Açık olalım: Burada söz konusu olan geleneksel yardımın yerini almak değil, onu geliştirmek , temel amacını korurken ulusal sermayeyi harekete geçirmek ve özel finansman çekmek, böylece kalıcı bir değişim yaratmak için etkisini önemli ölçüde artırmaktır.
Kamu kaynakları yalnızca yardımın uygulanmasını finanse etmek için kullanıldığında, yeterli etkiden yoksun kalır: etkisi, fonlama sona erdiğinde sona erer. Ancak, bu kaynaklar yatırımların kilidini açmak için kullanıldığında, sonuçlar çoğalır ve uzun ömürlü olur.
Bu dönüşümün kapsamını artırmak için üç unsura ihtiyaç vardır. Birincisi, kalkınma kurumlarının piyasa kolaylaştırıcıları olarak rollerini güçlendirmeleri için risk yönetimi, işlem yapılandırması ve finansal inovasyon hakkında bilgiye yatırım yapmaları gerekir.
İkinci olarak, bağışçılar başarının diğer ölçütlerini de göz önünde bulundurmalıdır; sadece dağıtılan miktar değil, yatırılan her dolar için ek sermayenin harekete geçirilmesinin çarpan etkisi de önemlidir.

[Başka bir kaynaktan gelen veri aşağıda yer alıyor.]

lemma contracting_last_exit:
  assumes ctr: "contracting C P" and P: "compact P" "P \<noteq> {}"
    and g: "geodesic_on g {a..b}" and ab: "a \<le> b" and \<rho>: "C \<le> \<rho>" "0 \<le> C"
    and start: "infdist (g a) P \<le> \<rho>"
  shows "\<exists>w\<in>{a..b}. infdist (g w) P \<le> \<rho> + 2 \<and> (\<forall>c\<in>proj P (g b). dist (g w) c \<le> \<rho> + 2 + C)"
proof -
  define S where "S = {t\<in>{a..b}. infdist (g t) P \<le> \<rho>}"
  have "a \<in> S" and bdd: "bdd_above S"
    using ab start unfolding S_def by (auto intro: bdd_aboveI[of _ b])
  then obtain t1 where t1: "t1 \<in> S" "Sup S - 1 < t1"
    using less_cSup_iff[of S "Sup S - 1"] by auto
  have "t1 \<le> Sup S"
    using t1(1) bdd by (rule cSup_upper)
  \<comment> \<open>One unit past the supremum of the \<rho>-close times: all later times are \<rho>-far,
    hence C-far, while w is within 2 of a \<rho>-close time.\<close>
  define w where "w = min (Sup S + 1) b"
  have t1_ab: "t1 \<in> {a..b}"
    using t1(1) unfolding S_def by auto
  with \<open>t1 \<le> Sup S\<close> have w_ab: "w \<in> {a..b}"
    unfolding w_def by auto
  have "infdist (g w) P \<le> infdist (g t1) P + dist (g w) (g t1)"
    by (rule infdist_triangle)
  also have "dist (g w) (g t1) \<le> 2"
    using geodesic_onD[OF g w_ab t1_ab] t1 \<open>t1 \<le> Sup S\<close> t1_ab unfolding w_def by auto
  finally have w_close: "infdist (g w) P \<le> \<rho> + 2"
    using t1(1) unfolding S_def by auto
  have "dist (g w) c \<le> \<rho> + 2 + C" if c: "c \<in> proj P (g b)" for c
  proof (cases "w = b")
    case True
    then show ?thesis
      using dist_proj[OF c] w_close \<rho> by simp
  next
    case False
    then have w: "w = Sup S + 1" "w < b"
      using w_ab unfolding w_def by auto
    have "t \<notin> S" if "w \<le> t" for t
      using cSup_upper[OF _ bdd, of t] that w by auto
    then have far: "\<forall>t\<in>{w..b}. C \<le> infdist (g t) P"
      using w_ab \<rho> unfolding S_def by force
    obtain c' where c': "c' \<in> proj P (g w)"
      using proj_nonempty[OF P] by blast
    have "dist c' c \<le> C"
      using contracting_proj_dist_le_on[OF ctr _ _ far c' c] geodesic_on_subset[OF g] w_ab w by auto
    moreover have "dist (g w) c' \<le> \<rho> + 2"
      using dist_proj[OF c'] w_close by simp
    ultimately show ?thesis
      using dist_triangle[of "g w" c c'] by linarith
  qed
  with w_ab w_close show ?thesis by blast
qed

lemma contracting_first_entry:
  assumes ctr: "contracting C P" and P: "compact P" "P \<noteq> {}"
    and g: "geodesic_on g {a..b}" and ab: "a \<le> b" and \<rho>: "C \<le> \<rho>" "0 \<le> C"
    and final: "infdist (g b) P \<le> \<rho>"
  shows "\<exists>v\<in>{a..b}. infdist (g v) P \<le> \<rho> + 2 \<and> (\<forall>c\<in>proj P (g a). dist (g v) c \<le> \<rho> + 2 + C)"
proof -
  obtain w where "w \<in> {-b..-a}" "infdist (g (- w)) P \<le> \<rho> + 2"
    "\<forall>c\<in>proj P (g a). dist (g (- w)) c \<le> \<rho> + 2 + C"
    using contracting_last_exit[OF ctr P geodesic_on_reflect[OF g] _ \<rho>] ab final by auto
  then show ?thesis
    by (intro bexI[of _ "- w"]) auto
qed

lemma contracting_quasiconvex:
  assumes ctr: "contracting C P" and P: "compact P" "P \<noteq> {}"
    and g: "geodesic_on g {a..b}" and u: "a \<le> u" "u \<le> b" and \<rho>: "C \<le> \<rho>" "0 \<le> C"
    and ends: "infdist (g a) P \<le> \<rho>" "infdist (g b) P \<le> \<rho>"
  shows "infdist (g u) P \<le> 3 * \<rho> + 6 + 2 * C"
proof -
  obtain w1 where w1: "w1 \<in> {a..u}" "infdist (g w1) P \<le> \<rho> + 2"
    "\<forall>c\<in>proj P (g u). dist (g w1) c \<le> \<rho> + 2 + C"
    using contracting_last_exit[OF ctr P geodesic_on_subset[OF g] u(1) \<rho> ends(1)] u by auto
  obtain w2 where w2: "w2 \<in> {u..b}" "\<forall>c\<in>proj P (g u). dist (g w2) c \<le> \<rho> + 2 + C"
    using contracting_first_entry[OF ctr P geodesic_on_subset[OF g] u(2) \<rho> ends(2)] u by auto
  obtain c where c: "c \<in> proj P (g u)"
    using proj_nonempty[OF P] by blast
  have "w2 - w1 = dist (g w1) (g w2)"
    using geodesic_onD[OF g, of w1 w2] w1(1) w2(1) u by auto
  also have "\<dots> \<le> 2 * (\<rho> + 2 + C)"
    using w1(3) w2(2) c dist_triangle[of "g w1" "g w2" c] by (fastforce simp: dist_commute)
  finally have "u - w1 \<le> 2 * (\<rho> + 2 + C)"
    using w2(1) by auto
  moreover have "infdist (g u) P \<le> infdist (g w1) P + (u - w1)"
    using infdist_triangle[of "g u" P "g w1"] geodesic_onD[OF g, of u w1] w1(1) u by auto
  ultimately show ?thesis
    using w1(2) by (simp add: algebra_simps)
qed

lemma escaping_eventually_far:
  assumes "escaping A" "bounded P" "P \<noteq> {}"
  shows "eventually (\<lambda>n. \<forall>z\<in>A n. D \<le> infdist z P) sequentially"
proof -
  obtain p0 where "p0 \<in> P"
    using assms(3) by blast
  obtain R where R: "\<forall>c\<in>P. dist p0 c \<le> R"
    using assms(2) bounded_any_center by blast
  have "eventually (\<lambda>n. D + R \<le> infdist p0 (A n)) sequentially"
    using assms(1) unfolding escaping_def filterlim_at_top by blast
  then show ?thesis
  proof (rule eventually_mono, intro ballI)
    fix n z assume far: "D + R \<le> infdist p0 (A n)" and z: "z \<in> A n"
    have "D \<le> dist z c" if "c \<in> P" for c
      using far infdist_le[OF z, of p0] R that dist_triangle[of p0 z c] by (auto simp: dist_commute)
    then show "D \<le> infdist z P"
      using assms(3) by (auto simp: infdist_notempty intro: cINF_greatest)
  qed
qed

lemma nonpinched_eventually_proj_close:
  fixes x y :: "nat \<Rightarrow> 'a::metric_space"
  assumes geodesic: "\<forall>x y::'a. \<exists>g l. geod_seg g l x y"
    and np: "nonpinched e rel \<xi>"
    and acc: "accum_into e x (cls e rel \<xi>)" "accum_into e y (cls e rel \<xi>)"
    and P: "contracting C P" "bounded P" "P \<noteq> {}"
  shows "eventually (\<lambda>n. \<forall>c1\<in>proj P (x n). \<forall>c2\<in>proj P (y n). dist c1 c2 \<le> C) sequentially"
proof -
  have "\<forall>n. \<exists>g l. geod_seg g l (x n) (y n)"
    using geodesic by blast
  then obtain G Ln where G: "\<And>n. geod_seg (G n) (Ln n) (x n) (y n)"
    by (auto simp: choice_iff)
  then have "escaping (\<lambda>n. G n ` {0..Ln n})"
    using np acc unfolding nonpinched_def by blast
  then have "eventually (\<lambda>n. \<forall>z\<in>G n ` {0..Ln n}. C \<le> infdist z P) sequentially"
    using P(2,3) by (rule escaping_eventually_far)
  then show ?thesis
    by (rule eventually_mono) (use contracting_proj_dist_le[OF P(1) G] in blast)
qed

lemma geod_ray_close_on_window:
  assumes ctr: "contracting C P" and P: "compact P" "P \<noteq> {}" and rC: "C \<le> r" "0 \<le> C"
    and \<beta>: "geod_ray \<beta> x0" and n: "0 \<le> n"
    and c0: "c0 \<in> proj P x0" "dist x0 c0 \<le> a + r"
    and cn: "cn \<in> proj P (\<beta> n)" "b - (r + 2 + 2 * C) \<le> dist x0 cn"
    and window: "0 \<le> a" "2 * r + 3 * C + 3 \<le> b - a" and u: "u \<in> {a..b}"
  shows "infdist (\<beta> u) P \<le> 3 * r + 3 * C + 12"
proof -
  have geo: "geodesic_on \<beta> {0..}" and \<beta>0: "\<beta> 0 = x0"
    using \<beta> unfolding geod_ray_iff by auto
  have "\<exists>b0\<in>{0..n}. infdist (\<beta> b0) P \<le> r"
  proof (rule ccontr)
    assume "\<not> ?thesis"
    then have "\<forall>t\<in>{0..n}. C \<le> infdist (\<beta> t) P"
      using rC by force
    then have "dist c0 cn \<le> C"
      using contracting_proj_dist_le_on[OF ctr geodesic_on_subset[OF geo] n _ _ cn(1)] c0(1) \<beta>0
      by auto
    then show False
      using dist_triangle[of x0 cn c0] c0(2) cn(2) window by linarith
  qed
  then obtain b0 where b0: "b0 \<in> {0..n}" "infdist (\<beta> b0) P \<le> r"
    by blast
  obtain vf where vf: "vf \<in> {0..b0}" "infdist (\<beta> vf) P \<le> r + 2" "dist (\<beta> vf) c0 \<le> r + 2 + C"
    using contracting_first_entry[OF ctr P geodesic_on_subset[OF geo] _ rC b0(2)] b0(1) c0(1) \<beta>0
    by fastforce
  have "vf = dist x0 (\<beta> vf)"
    using geod_ray_dist_start[OF \<beta>] vf(1) by auto
  then have vf_le: "vf \<le> a + 2 * r + 2 + C"
    using dist_triangle[of x0 "\<beta> vf" c0] c0(2) vf(3) by (simp add: dist_commute)
  obtain vl where vl: "vl \<in> {b0..n}" "infdist (\<beta> vl) P \<le> r + 2" "dist (\<beta> vl) cn \<le> r + 2 + C"
    using contracting_last_exit[OF ctr P geodesic_on_subset[OF geo] _ rC b0(2)] b0(1) cn(1)
    by fastforce
  have "dist x0 (\<beta> vl) = vl"
    using geod_ray_dist_start[OF \<beta>] vl(1) b0(1) by auto
  then have vl_ge: "b - (2 * r + 4 + 3 * C) \<le> vl"
    using dist_triangle[of x0 cn "\<beta> vl"] cn(2) vl(3) by linarith
  have shift: "infdist (\<beta> u) P \<le> infdist (\<beta> v) P + \<bar>u - v\<bar>" if "0 \<le> v" for v
    using infdist_triangle[of "\<beta> u" P "\<beta> v"] geodesic_onD[OF geo, of u v] that u window(1)
    by auto
  consider "u < vf" | "vl < u" | "vf \<le> u" "u \<le> vl"
    by linarith
  then show ?thesis
  proof cases
    case 1
    then show ?thesis
      using shift[of vf] vf vf_le u rC by auto
  next
    case 2
    then show ?thesis
      using shift[of vl] vl vl_ge u rC b0(1) by auto
  next
    case 3
    then have "infdist (\<beta> u) P \<le> 3 * (r + 2) + 6 + 2 * C"
      using contracting_quasiconvex[OF ctr P geodesic_on_subset[OF geo], of vf vl u "r + 2"]
        vf vl rC by auto
    then show ?thesis
      using rC by simp
  qed
qed

lemma geod_ray_close_on_window_transfer:
  assumes ctr: "contracting C P" and P: "compact P" "P \<noteq> {}" and rC: "C \<le> r" "0 \<le> C"
    and \<gamma>: "geod_ray \<gamma> x0" and \<beta>: "geod_ray \<beta> x0"
    and window: "0 \<le> a" "2 * r + 3 * C + 3 \<le> b - a"
    and \<gamma>_close: "\<forall>u\<in>{a..b}. infdist (\<gamma> u) P \<le> r"
    and n: "b \<le> n" "\<forall>c1\<in>proj P (\<gamma> n). \<forall>c2\<in>proj P (\<beta> n). dist c1 c2 \<le> C"
  shows "\<forall>u\<in>{a..b}. infdist (\<beta> u) P \<le> 3 * r + 3 * C + 12"
proof
  fix u assume u: "u \<in> {a..b}"
  have ab: "a \<le> b"
    using window rC by linarith
  obtain c0 where c0: "c0 \<in> proj P x0"
    using proj_nonempty[OF P] by blast
  have "dist x0 c0 \<le> infdist (\<gamma> a) P + dist x0 (\<gamma> a)"
    using dist_proj[OF c0] infdist_triangle by metis
  moreover have "infdist (\<gamma> a) P \<le> r"
    using \<gamma>_close ab by auto
  ultimately have c0_near: "dist x0 c0 \<le> a + r"
    using geod_ray_dist_start[OF \<gamma> window(1)] by linarith
  obtain c\<gamma> cn where c\<gamma>: "c\<gamma> \<in> proj P (\<gamma> n)" and cn: "cn \<in> proj P (\<beta> n)"
    using proj_nonempty[OF P] by blast
  have "geodesic_on \<gamma> {b..n}"
    using \<gamma> window ab unfolding geod_ray_iff by (auto elim: geodesic_on_subset)
  then obtain w where w: "w \<in> {b..n}" "dist (\<gamma> w) c\<gamma> \<le> r + 2 + C"
    using contracting_last_exit[OF ctr P _ n(1) rC] \<gamma>_close ab c\<gamma> by fastforce
  have "w = dist x0 (\<gamma> w)"
    using geod_ray_dist_start[OF \<gamma>] w(1) window ab by auto
  also have "\<dots> \<le> dist x0 cn + dist cn c\<gamma> + dist c\<gamma> (\<gamma> w)"
    using dist_triangle[of x0 "\<gamma> w" cn] dist_triangle[of cn "\<gamma> w" c\<gamma>] by linarith
  finally have "b - (r + 2 + 2 * C) \<le> dist x0 cn"
    using w n(2) c\<gamma> cn by (force simp: dist_commute)
  then show "infdist (\<beta> u) P \<le> 3 * r + 3 * C + 12"
    using geod_ray_close_on_window[OF ctr P rC \<beta> _ c0 c0_near cn _ window u] window ab n(1)
    by linarith
qed

lemma ends_at_accum_into:
  "ends_at e rel g \<xi> \<Longrightarrow> accum_into e (\<lambda>n. g (real n)) (cls e rel \<xi>)"
  unfolding ends_at_def using filterlim_real_sequentially by simp

lemma nonpinched_geod_ray_close_on_window:
  fixes \<gamma> \<beta> :: "real \<Rightarrow> 'a::metric_space"
  assumes geodesic: "\<forall>x y::'a. \<exists>g l. geod_seg g l x y"
    and np: "nonpinched e rel \<xi>"
    and \<gamma>: "geod_ray \<gamma> x0" "ends_at e rel \<gamma> \<xi>" and \<beta>: "geod_ray \<beta> x0" "ends_at e rel \<beta> \<xi>"
    and ctr: "contracting C P" and P: "compact P" "P \<noteq> {}" and rC: "C \<le> r" "0 \<le> C"
    and window: "0 \<le> a" "2 * r + 3 * C + 3 \<le> b - a"
    and \<gamma>_close: "\<forall>u\<in>{a..b}. infdist (\<gamma> u) P \<le> r"
  shows "\<forall>u\<in>{a..b}. infdist (\<beta> u) P \<le> 3 * r + 3 * C + 12"
proof -
  have "eventually (\<lambda>n. \<forall>c1\<in>proj P (\<gamma> (real n)). \<forall>c2\<in>proj P (\<beta> (real n)). dist c1 c2 \<le> C)
      sequentially"
    using nonpinched_eventually_proj_close[OF geodesic np ends_at_accum_into[OF \<gamma>(2)]
        ends_at_accum_into[OF \<beta>(2)] ctr compact_imp_bounded[OF P(1)] P(2)] .
  moreover have "eventually (\<lambda>n. b \<le> real n) sequentially"
    using filterlim_real_sequentially by (simp add: filterlim_at_top)
  ultimately have "eventually (\<lambda>n. b \<le> real n \<and>
      (\<forall>c1\<in>proj P (\<gamma> (real n)). \<forall>c2\<in>proj P (\<beta> (real n)). dist c1 c2 \<le> C)) sequentially"
    by (auto elim: eventually_elim2)
  then obtain n where "b \<le> real n"
    "\<forall>c1\<in>proj P (\<gamma> (real n)). \<forall>c2\<in>proj P (\<beta> (real n)). dist c1 c2 \<le> C"
    unfolding eventually_sequentially by blast
  then show ?thesis
    using geod_ray_close_on_window_transfer[OF ctr P rC \<gamma>(1) \<beta>(1) window \<gamma>_close] by blast
qed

Üçüncüsü, gelişmekte olan ülkelerin daha güçlü yerel finansal ekosistemler oluşturmaları desteklenmeli, böylece temiz enerji, sürdürülebilir tarım ve küçük işletmeler gibi sektörlere yatırım daha kolay akabilir.
Harekete geçme zamanı şimdi ve Sevilla'da düzenlenecek olan Uluslararası Kalkınma Finansmanı Konferansı, bu geçişi hızlandırmak için önemli bir fırsat sunuyor.
İklim finansmanı ihtiyaçları hızla artıyor . Borç ödeme zorlukları artıyor. Ve çok sayıda ülke hala küresel sermaye piyasalarına erişimden yoksun. En fakir ve en kırılgan ülkeler aynı zamanda en az seçeneğe sahip olanlardır. Sermayenin içeri sızmasını bekleyemezler. Yönlendirilmesi, desteklenmesi ve riskten arındırılması gerekir.
Gelecek, kalkınma finansmanını her kamu dolarının katlanarak daha da ileri gitmesini sağlayacak bir katalizör olarak kullanmakta yatıyor. Sınırlı kaynakların ve acil zorlukların olduğu bir dünyada, başka hiçbir şeye gücümüz yetmez.